Unitrade lists the booklet panes from which these stamps come as existing on non-fluorescent paper, and low fluorescent paper with fluorescent fibres. McCann lists both a dull fluorescent paper and a dead paper, as well as dull with fluorescent fibres, low fluorescent and high fluorescent. So there are clearly more varieties of fluorescence than Unitrade lists.

I do not have an example of either the dead paper, the dull paper with fluorescent fibres, or the high fluorescent paper to show at the moment. However, I will add examples when they become available. However, I do have the dull fluorescent paper, as well as the low fluorescent paper with fluorescent fibres, which are shown in the picture below:

The booklet on the right is the dull fluorescent paper, which has a greyish colour under the UV light, and shows no fluorescent fibres in the paper. The booklet on the left is a low fluorescent paper that contains sparse concentrations of low and medium fluorescent fibres, and a very sparse concentration of high fluorescent fibres.

Shades

I have found two shades of orange red ink on these stamps. Generally, the shade is a deep bright orange red, but a slightly duller version is often seen. The scan below shows both these shades:

The deep bright orange red is shown on the left stamp, and the right stamp shows a slightly duller version of the same shade. Under UV light, the shades appear more or less similar to how they appear under white light, only deeper. Therefore they are non-transformative inks.

Gum

The gum types found on these stamps are similar to those found on the 25c booklet stamps, with one exception: I have not found an example of this booklet with the high gloss gum. However the crackly gum and the semi-gloss gum have been noted on these panes, and likely exist with all the levels of  paper fluorescence discussed.


Perforation

Unitrade lists the perforation as comb 10.0, however McCann states that it is actually 9.9 comb, as was the case with the 25c booklets.

The perforations of these booklets are different from other booklets issued up to this point in one important respect: the left and right edges of the panes were not left imperforate prior to be guillotined. Instead they were perforated, so that most stamps from the sides of these booklets will have perforations on all sides. However, the perforations on one side will be uniform and obviously cut, which will enable you to positively identify singles as having come from these booklets.

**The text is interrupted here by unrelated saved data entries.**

lemma set_atom_list:
  fixes L :: "'a::comm_monoid_add list"
  assumes "\<And>x::'a. x + x = 0" "0 \<notin> set L" "distinct L" "set Z = {T. atom T \<and> T \<subseteq># mset L}"
  shows "set (atom_list L Z) = {A. atom A \<and> set_mset A \<subseteq> insert 0 (set L)}"
proof (intro set_eqI iffI)
  fix A assume "A \<in> set (atom_list L Z)"
  then consider "A = {#0#}" | x where "x \<in> set L" "A = {#x, x#}" | "A \<in> set Z"
    unfolding atom_list_def by auto
  then show "A \<in> {A. atom A \<and> set_mset A \<subseteq> insert 0 (set L)}"
  proof cases
    case (2 x)
    then have "x \<noteq> 0" using assms(2) by blast
    then have "atom A" using atom_pair[OF _ assms(1)] 2(2) by blast
    then show ?thesis using 2 by simp
  next
    case 3
    then have "atom A" "A \<subseteq># mset L" using assms(4) by blast+
    then show ?thesis using set_mset_mono[of A "mset L"] by auto
  qed (simp add: atom_single_zero)
next
  fix A assume "A \<in> {A. atom A \<and> set_mset A \<subseteq> insert 0 (set L)}"
  then have A: "atom A" "set_mset A \<subseteq> insert 0 (set L)" by auto
  have "A = {#0#} \<or> (\<exists>x\<in>set L. A = {#x, x#}) \<or> A \<in> set Z"
    using atom_cases[OF A(1) assms(1,3) A(2)] A(1) assms(4) by blast
  then show "A \<in> set (atom_list L Z)" unfolding atom_list_def by auto
qed

lemma distinct_atom_list:
  fixes L :: "'a::zero list"
  assumes "0 \<notin> set L" "distinct L" "distinct Z" "\<forall>T\<in>set Z. T \<subseteq># mset L"
  shows "distinct (atom_list L Z)"
proof -
  have "{#x, x#} \<notin> set Z" if "x \<in> set L" for x
  proof
    assume "{#x, x#} \<in> set Z"
    then have "{#x, x#} \<subseteq># mset L" using assms(4) by blast
    then have "count {#x, x#} x \<le> count (mset L) x" by (rule mset_subset_eq_count)
    moreover have "count (mset L) x = 1" using that assms(2) by (simp add: distinct_count_atmost_1)
    moreover have "count {#x, x#} x = 2" by simp
    ultimately show False by linarith
  qed
  moreover have "{#0#} \<notin> set Z"
  proof
    assume "{#0#} \<in> set Z"
    then have "{#0#} \<subseteq># mset L" using assms(4) by blast
    then show False using assms(1) by simp
  qed
  moreover have "inj_on (\<lambda>x. {#x, x#}) (set L)"
  proof (rule inj_onI)
    fix x y :: 'a assume "{#x, x#} = {#y, y#}"
    then have "x \<in># {#y, y#}" by (rule union_single_eq_member)
    then show "x = y" by simp
  qed
  moreover have "{#0#} \<noteq> {#x, x#}" for x :: 'a
    using arg_cong[where f = size, of "{#0#}" "{#x, x#}"] by auto
  ultimately show ?thesis using assms(2,3) unfolding atom_list_def by (auto simp: distinct_map)
qed

lemma lengths_eq_coefficient_sums_atom_list:
  fixes L :: "'a::comm_monoid_add list"
  assumes "\<And>x::'a. x + x = 0" "0 \<notin> set L" "distinct L" "distinct Z"
    "set Z = {T. atom T \<and> T \<subseteq># mset L}" "set_mset B \<subseteq> insert 0 (set L)"
  shows "lengths B = {\<Sum>i<length (atom_list L Z). c i | c. B = mset_comb (atom_list L Z) c}"
proof (rule lengths_eq_coefficient_sums)
  show "distinct (atom_list L Z)" using distinct_atom_list assms(2-5) by blast
  show "\<forall>T\<in>set (atom_list L Z). atom T" using set_atom_list[OF assms(1,2,3,5)] by blast
  show "A \<in> set (atom_list L Z)" if "atom A" "A \<subseteq># B" for A
  proof -
    have "set_mset A \<subseteq> insert 0 (set L)" using set_mset_mono[OF that(2)] assms(6) by blast
    then show ?thesis using that(1) set_atom_list[OF assms(1,2,3,5)] by blast
  qed
qed

lemma lengths_mem_system_of_sets:
  assumes "zero_sum B" "set_mset B \<subseteq> G0"
  shows "lengths B \<in> system_of_sets G0"
  using assms unfolding system_of_sets_def zss_def seqs_over_def by blast

lemma exhaust_5:
  fixes x :: 5
  shows "x = 0 \<or> x = 1 \<or> x = 2 \<or> x = 3 \<or> x = 4"
proof (induct x)
  case (of_int z)
  then have "z = 0 \<or> z = 1 \<or> z = 2 \<or> z = 3 \<or> z = 4" by fastforce
  then show ?case by auto
qed

lemma forall_5: "(\<forall>i::5. P i) \<longleftrightarrow> P 0 \<and> P 1 \<and> P 2 \<and> P 3 \<and> P 4"
  by (metis exhaust_5)

lemma bit_vec_double: "(x :: bit ^ 'n) + x = 0"
  by (simp add: vec_eq_iff)

lemma bit_indicator_eq:
  "(if p then (1::bit) else 0) = 1 \<longleftrightarrow> p" "(if p then (1::bit) else 0) = 0 \<longleftrightarrow> \<not> p"
  by simp_all

lemma sum_list_filter_component:
  "sum_list (filter P xs) $ i = sum_list (map (\<lambda>x. if P x then x $ i else 0) xs)"
  by (induction xs) auto

definition E0 :: "bit^5" where "E0 = (\<chi> i. 1)"
definition E1 :: "bit^5" where "E1 = axis 0 1"
definition E2 :: "bit^5" where "E2 = axis 1 1"
definition E3 :: "bit^5" where "E3 = axis 2 1"
definition E4 :: "bit^5" where "E4 = axis 3 1"
definition E5 :: "bit^5" where "E5 = axis 4 1"
definition E12 :: "bit^5" where "E12 = E1 + E2"
definition E13 :: "bit^5" where "E13 = E1 + E3"
definition E23 :: "bit^5" where "E23 = E2 + E3"

lemmas basis_defs = E0_def E1_def E2_def E3_def E4_def E5_def E12_def E13_def E23_def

The scan below shows three singles from a typical booklet, two from the right side of the booklet, and one from the left, showing the guillotined perforations:

The left stamp is from the lower right corner of the booklet, as evidenced by the straight edge and the straight perforations on the right. Notice how the perforations on this side are perfectly uniform, with no fibres protruding from the perforation tips. The stamp in the middle has these perforations on the left side, which indicates that it comes from the left side of one of rows 2 thorough 9. Finally, the stamp on the right is from the right side of the booklet, of one of rows 1-9. In some instances, the guillotining will have been done poorly, resulting in clipped or missing perforations. But in most cases, remnants of these perforations will still be visible. I have yet to see a stamp from these booklets that has full size margins with completely straight edges at the sides.

Plate Flaws

McCann lists these booklets as existing with a mole on the lip or nose of the Queen on the first stamp of the 9th horizontal row. As we shall see in subsequent posts, this is a semi-constant flaw that is found on the 6c black booklets as well. I say that it is semi-constant because not every booklet is affected.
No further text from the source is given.